Vaginal bleeding in early pregnancy is associated with adverse pregnancy outcomes. Excess folic acid ingestion has shown potential adverse effects on pregnancy outcomes. However, little is known about the fetal sex-specific influence of excess folic acid supplementation on vaginal bleeding. We aimed to determine whether increasing folic acid supplementation is associated with vaginal bleeding in early pregnancy with respect to fetal sex.

Methods

Two prospective cohorts of nulliparous pregnant women were accessed: prior to (SCOPE, n = 1164) and post (STOP, n = 1300) folic acid food fortification in Australia. Logistic regression was used to examine the relationship between folic acid supplementation and vaginal bleeding severity with fetal sex, as well as the relationship between vaginal bleeding and pregnancy outcomes, after adjusting for confounders.

Results

Reported spotting and mild vaginal bleeding was more common in STOP, compared with SCOPE. Women from the two cohorts who experienced spotting and mild vaginal bleeding in pregnancy were more likely to have supplemented with ≥ 800 μg folic acid daily and had higher serum folate concentration, compared with no folic acid supplementation.

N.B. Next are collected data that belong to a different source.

(* If $\Gamma\rhd_{\diamond} \Delta$ then $\mathrm{var}(\Gamma')=\mathrm{var}(\Delta')$ for some $\Gamma'\subseteq \Gamma$, $\Delta'\subseteq \Delta$.
   Context: A $\Sigma$-Nmatrix $\mathbb{M}=\langle V,\cdot_{\mathbb{M}},D\rangle$ has truth-values $V$, designated values $D\subseteq V$, and interprets each $n$-ary connective as a multi-function $V^n\to\wp(V)\setminus\emptyset$. An $\mathbb{M}$-valuation is a map $v$ from formulas to $V$ with $v(\copyright(\varphi_1,\ldots,\varphi_k))\in\copyright_{\mathbb{M}}(v(\varphi_1),\ldots,v(\varphi_k))$. The (multiple-conclusion, Scottian) logic $\rhd_{\mathbb{M}}$ is defined by $\Gamma\rhd_{\mathbb{M}}\Delta$ iff every $\mathbb{M}$-valuation with $v(\Gamma)\subseteq D$ has $v(\Delta)\cap D\neq\emptyset$. Let $\Sigma_\diamond$ contain a single binary connective $\diamond$ (platypus), and let $\mathbb{B}_\diamond=\langle\{0,1\},\cdot,\{1\}\rangle$ interpret it by $\diamond(0,0)=\{0\}$, $\diamond(1,1)=\{1\}$, $\diamond(0,1)=\diamond(1,0)=\{0,1\}$ (i.e. $\diamond(x,y)=\{x\land y,x\lor y\}$). $\rhd_\diamond$ denotes $\rhd_{\mathbb{B}_\diamond}$, and $\mathrm{var}(\Gamma)$ is the set of propositional variables occurring in $\Gamma$. *)

theory Defs
  imports Main
begin

text \<open>Formulas over the signature with a single binary connective (platypus).\<close>
datatype 'v fm = Var 'v | Dia "'v fm" "'v fm"

primrec vars :: "'v fm \<Rightarrow> 'v set" where
  "vars (Var p) = {p}"
| "vars (Dia a b) = vars a \<union> vars b"

definition varset :: "'v fm set \<Rightarrow> 'v set" where
  "varset \<Gamma> = (\<Union>\<phi>\<in>\<Gamma>. vars \<phi>)"

text \<open>The Nmatrix B_dia: values {0,1} (as bool), designated {1} (True).\<close>
definition dia_B :: "bool \<Rightarrow> bool \<Rightarrow> bool set" where
  "dia_B x y = {x \<and> y, x \<or> y}"

definition designated :: "bool set" where
  "designated = {True}"

definition is_valuation :: "('v fm \<Rightarrow> bool) \<Rightarrow> bool" where
  "is_valuation v \<longleftrightarrow> (\<forall>a b. v (Dia a b) \<in> dia_B (v a) (v b))"

definition cons_dia :: "'v fm set \<Rightarrow> 'v fm set \<Rightarrow> bool" where
  "cons_dia \<Gamma> \<Delta> \<longleftrightarrow>
     (\<forall>v. is_valuation v \<longrightarrow> v ` \<Gamma> \<subseteq> designated \<longrightarrow> v ` \<Delta> \<inter> designated \<noteq> {})"

end

(*
  Write G_\<Phi>(X) for the variables of those formulas of \<Phi> all of whose variables lie in X.
  A nonempty X with X \<subseteq> G_\<Gamma>(G_\<Delta>(X)) satisfies G_\<Gamma>(X) = X = G_\<Delta>(X), so the formulas of
  \<Gamma> and of \<Delta> inside X have exactly the variables X. If there is no such X, iterate the
  deflationary map f = G_\<Gamma> \<circ> G_\<Delta> transfinitely from the set of all variables; the
  iterates form a well-ordered descending chain that never stalls at a nonempty set.
  The rank r(\<phi>) of a formula is the smallest iterate containing vars \<phi>, and the valuation
  "v \<phi> iff vars \<phi> \<not>\<subseteq> G_\<Delta>(r(\<phi>))" refutes every formula of \<Delta> and validates every formula
  of \<Gamma>. It respects the platypus: Dia a b gets the larger rank, and if the ranks of a and b
  differ, the variables of the lower-ranked argument lie in f of the higher rank, so that
  v (Dia a b) is the value of the higher-ranked argument.
*)
theory Submission
  imports Defs "HOL-Library.Bourbaki_Witt_Fixpoint"
begin

lemma vars_nonempty: "vars \<phi> \<noteq> {}"
  by (induction \<phi>) auto

lemma dia_B_eq: "dia_B x y = {x, y}"
  unfolding dia_B_def by auto

locale deflationary_set_operator =
  fixes f :: "'a set \<Rightarrow> 'a set"
  assumes deflationary: "f X \<subseteq> X"

text \<open>The transfinite iterates of f from UNIV are the Bourbaki-Witt iterates for the
  reversed inclusion order, in which chains have their intersection as least upper bound.\<close>

sublocale deflationary_set_operator \<subseteq> bourbaki_witt_fixpoint Inter "{(X, Y). Y \<subseteq> X}" f
  by unfold_locales (auto simp: order_on_defs Field_def deflationary intro: refl_onI transI antisymI)

context deflationary_set_operator
begin

abbreviation tower :: "'a set set" where
  "tower \<equiv> iterates_above UNIV"

lemma Field_superset: "X \<in> Field {(X, Y). Y \<subseteq> X}"
  unfolding Field_def by blast

lemma tower_subset_or_subset_step:
  assumes "X \<in> tower" "Y \<in> tower"
  shows "X \<subseteq> Y \<or> Y \<subseteq> f X"
proof -
  have "X \<in> iterates_above Y \<or> Y \<in> iterates_above X"
    using iterates_above_triangle[OF assms Field_superset] .
  then show ?thesis
  proof
    assume "X \<in> iterates_above Y"
    then show ?thesis using iterates_above_ge[OF _ Field_superset] by blast
  next
    assume "Y \<in> iterates_above X"
    then have "Y = X \<or> Y \<in> iterates_above (f X)"
      using iterates_above_successor[OF _ Field_superset] by blast
    then show ?thesis using iterates_above_ge[OF _ Field_superset] by blast
  qed
qed

definition tower_hull :: "'a set \<Rightarrow> 'a set" where
  "tower_hull S = \<Inter>{X \<in> tower. S \<subseteq> X}"

lemma tower_hull_in_tower: "tower_hull S \<in> tower"
  unfolding tower_hull_def
proof (rule Sup)
  show "{X \<in> tower. S \<subseteq> X} \<in> Chains {(X, Y). Y \<subseteq> X}"
    using chain_iterates_above[OF Field_superset] by (rule in_Chains_subset) blast
  show "{X \<in> tower. S \<subseteq> X} \<noteq> {}"
    using base by blast
qed blast

lemma subset_tower_hull: "S \<subseteq> tower_hull S"
  unfolding tower_hull_def by blast

lemma tower_hull_least: "X \<in> tower \<Longrightarrow> S \<subseteq> X \<Longrightarrow> tower_hull S \<subseteq> X"
  unfolding tower_hull_def by blast

lemma tower_hull_Un:
  assumes "tower_hull B \<subseteq> tower_hull A"
  shows "tower_hull (A \<union> B) = tower_hull A"
proof
  show "tower_hull (A \<union> B) \<subseteq> tower_hull A"
    using assms subset_tower_hull[of A] subset_tower_hull[of B]
    by (intro tower_hull_least tower_hull_in_tower) blast
  show "tower_hull A \<subseteq> tower_hull (A \<union> B)"
    using subset_tower_hull[of "A \<union> B"] by (intro tower_hull_least tower_hull_in_tower) blast
qed

lemma not_subset_step_tower_hull:
  assumes no_post_fixpoint: "\<And>X. X \<subseteq> f X \<Longrightarrow> X = {}" and "S \<noteq> {}"
  shows "\<not> S \<subseteq> f (tower_hull S)"
proof
  assume "S \<subseteq> f (tower_hull S)"
  then have "tower_hull S \<subseteq> f (tower_hull S)"
    using tower_hull_in_tower by (intro tower_hull_least step)
  then show False
    using no_post_fixpoint subset_tower_hull[of S] \<open>S \<noteq> {}\<close> by blast
qed

lemma is_valuation_tower_rank:
  assumes step_le: "\<And>X. f X \<subseteq> g X"
  shows "is_valuation (\<lambda>\<phi>. \<not> vars \<phi> \<subseteq> g (tower_hull (vars \<phi>)))" (is "is_valuation ?v")
proof -
  let ?r = "\<lambda>\<phi>. tower_hull (vars \<phi>)"
  have Dia_cases: "?v (Dia a b) \<in> {?v a, ?v b}" if ba: "?r b \<subseteq> ?r a" for a b
  proof -
    have r_Dia: "?r (Dia a b) = ?r a"
      using tower_hull_Un[OF ba] by simp
    consider "?r a \<subseteq> ?r b" | "?r b \<subseteq> f (?r a)"
      using tower_subset_or_subset_step[OF tower_hull_in_tower tower_hull_in_tower] by blast
    then show ?thesis
    proof cases
      case 1
      then have "?r (Dia a b) = ?r b" using ba r_Dia by simp
      then show ?thesis using r_Dia by auto
    next
      case 2
      then have "vars b \<subseteq> g (?r a)"
        using subset_tower_hull[of "vars b"] step_le by blast
      then show ?thesis using r_Dia by auto
    qed
  qed
  show ?thesis
    unfolding is_valuation_def dia_B_eq
  proof (intro allI)
    fix a b
    have "?r b \<subseteq> ?r a \<or> ?r a \<subseteq> ?r b"
      using tower_subset_or_subset_step[OF tower_hull_in_tower tower_hull_in_tower] deflationary by blast
    moreover have "?v (Dia b a) = ?v (Dia a b)"
      by (simp add: Un_commute)
    ultimately show "?v (Dia a b) \<in> {?v a, ?v b}"
      using Dia_cases[of a b] Dia_cases[of b a] by auto
  qed
qed

end

definition vars_within :: "'v fm set \<Rightarrow> 'v set \<Rightarrow> 'v set" where
  "vars_within \<Phi> X = varset {\<phi> \<in> \<Phi>. vars \<phi> \<subseteq> X}"

lemma vars_within_subset: "vars_within \<Phi> X \<subseteq> X"
  unfolding vars_within_def varset_def by auto

lemma vars_within_mono: "X \<subseteq> Y \<Longrightarrow> vars_within \<Phi> X \<subseteq> vars_within \<Phi> Y"
  unfolding vars_within_def varset_def by auto

lemma vars_subset_vars_within: "\<phi> \<in> \<Phi> \<Longrightarrow> vars \<phi> \<subseteq> X \<Longrightarrow> vars \<phi> \<subseteq> vars_within \<Phi> X"
  unfolding vars_within_def varset_def by auto

lemma post_fixpoint_vars_within:
  assumes post: "X \<subseteq> vars_within \<Gamma> (vars_within \<Delta> X)"
  shows "vars_within \<Gamma> X = X" "vars_within \<Delta> X = X"
proof -
  have "X \<subseteq> vars_within \<Gamma> X"
    using post vars_within_mono[OF vars_within_subset] by (rule order_trans)
  then show "vars_within \<Gamma> X = X"
    by (rule subset_antisym[OF vars_within_subset])
  have "X \<subseteq> vars_within \<Delta> X"
    using post vars_within_subset by (rule order_trans)
  then show "vars_within \<Delta> X = X"
    by (rule subset_antisym[OF vars_within_subset])
qed

lemma cons_dia_obtains_post_fixpoint:
  assumes "cons_dia \<Gamma> \<Delta>"
  obtains X where "X \<subseteq> vars_within \<Gamma> (vars_within \<Delta> X)" "X \<noteq> {}"
proof (rule ccontr)
  assume "\<not> thesis"
  with that have no_post_fixpoint: "\<And>X. X \<subseteq> vars_within \<Gamma> (vars_within \<Delta> X) \<Longrightarrow> X = {}"
    by blast
  interpret deflationary_set_operator "\<lambda>X. vars_within \<Gamma> (vars_within \<Delta> X)"
    using vars_within_subset by unfold_locales (rule order_trans)
  define v where "v = (\<lambda>\<phi>. \<not> vars \<phi> \<subseteq> vars_within \<Delta> (tower_hull (vars \<phi>)))"
  have "is_valuation v"
    unfolding v_def using vars_within_subset by (rule is_valuation_tower_rank[of "vars_within \<Delta>"])
  moreover have "v \<gamma>" if "\<gamma> \<in> \<Gamma>" for \<gamma>
  proof -
    have "\<not> vars \<gamma> \<subseteq> vars_within \<Gamma> (vars_within \<Delta> (tower_hull (vars \<gamma>)))"
      using no_post_fixpoint vars_nonempty by (rule not_subset_step_tower_hull)
    then show ?thesis
      using vars_subset_vars_within[OF that] unfolding v_def by blast
  qed
  moreover have "\<not> v \<delta>" if "\<delta> \<in> \<Delta>" for \<delta>
    using vars_subset_vars_within[OF that subset_tower_hull] unfolding v_def by simp
  ultimately show False
    using assms unfolding cons_dia_def designated_def by blast
qed

theorem proposition2:
  fixes \<Gamma> \<Delta> :: "'v fm set"
  assumes "cons_dia \<Gamma> \<Delta>"
  shows "\<exists>\<Gamma>' \<Delta>'. \<Gamma>' \<subseteq> \<Gamma> \<and> \<Delta>' \<subseteq> \<Delta> \<and> \<Gamma>' \<noteq> {} \<and> \<Delta>' \<noteq> {}
                 \<and> varset \<Gamma>' = varset \<Delta>'"
proof -
  obtain X where post: "X \<subseteq> vars_within \<Gamma> (vars_within \<Delta> X)" and "X \<noteq> {}"
    using cons_dia_obtains_post_fixpoint[OF assms] .
  let ?\<Gamma>' = "{\<gamma> \<in> \<Gamma>. vars \<gamma> \<subseteq> X}" and ?\<Delta>' = "{\<delta> \<in> \<Delta>. vars \<delta> \<subseteq> X}"
  have "varset ?\<Gamma>' = X" "varset ?\<Delta>' = X"
    using post_fixpoint_vars_within[OF post] unfolding vars_within_def .
  with \<open>X \<noteq> {}\<close> have "?\<Gamma>' \<noteq> {}" "?\<Delta>' \<noteq> {}"
    unfolding varset_def by auto
  with \<open>varset ?\<Gamma>' = X\<close> \<open>varset ?\<Delta>' = X\<close> show ?thesis
    by (intro exI[of _ ?\<Gamma>'] exI[of _ ?\<Delta>']) auto
qed

end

Women who supplemented with ≥ 800 μg folic acid per day, and with a male bearing pregnancy, had > twofold greater odds [adjOR 2.14, (95% CI) 1.15–3.99, SCOPE and STOP] of vaginal bleeding in early pregnancy which was more likely to be more severe compared to those who did not supplement. This association was stronger (adjOR 2.85, 95%CI 1.23–6.57) in the STOP cohort. Furthermore, vaginal bleeding was associated with spontaneous preterm birth (sPTB) without premature rupture of membranes, placental abruption and small for gestational age (SGA) and lower gestational age at birth, the latter of which showed a male-fetus dependence, based on total cases in the two cohorts combined.

Conclusions

This study reveals a novel association between fetal sex and vaginal bleeding during early pregnancy, which is influenced by high folic acid intake. Our data suggest < 800 μg/day folic acid supplementation post food fortification may be safer, especially in male-bearing pregnancy, consistent with guidelines that recommend 400 μg/day folic acid to prevent neural tube defects. Vaginal bleeding in early pregnancy needs more clinical attention as it may be an indicator for later pregnancy adverse outcomes.

Trial registration

SCOPE and STOP studies were registered with Australian New Zealand Clinical Trial Registry (ACTRN12607000551493; Registration date 26th October 2007 and ACTRN12614000985684; Registration date 12th September 2014, respectively).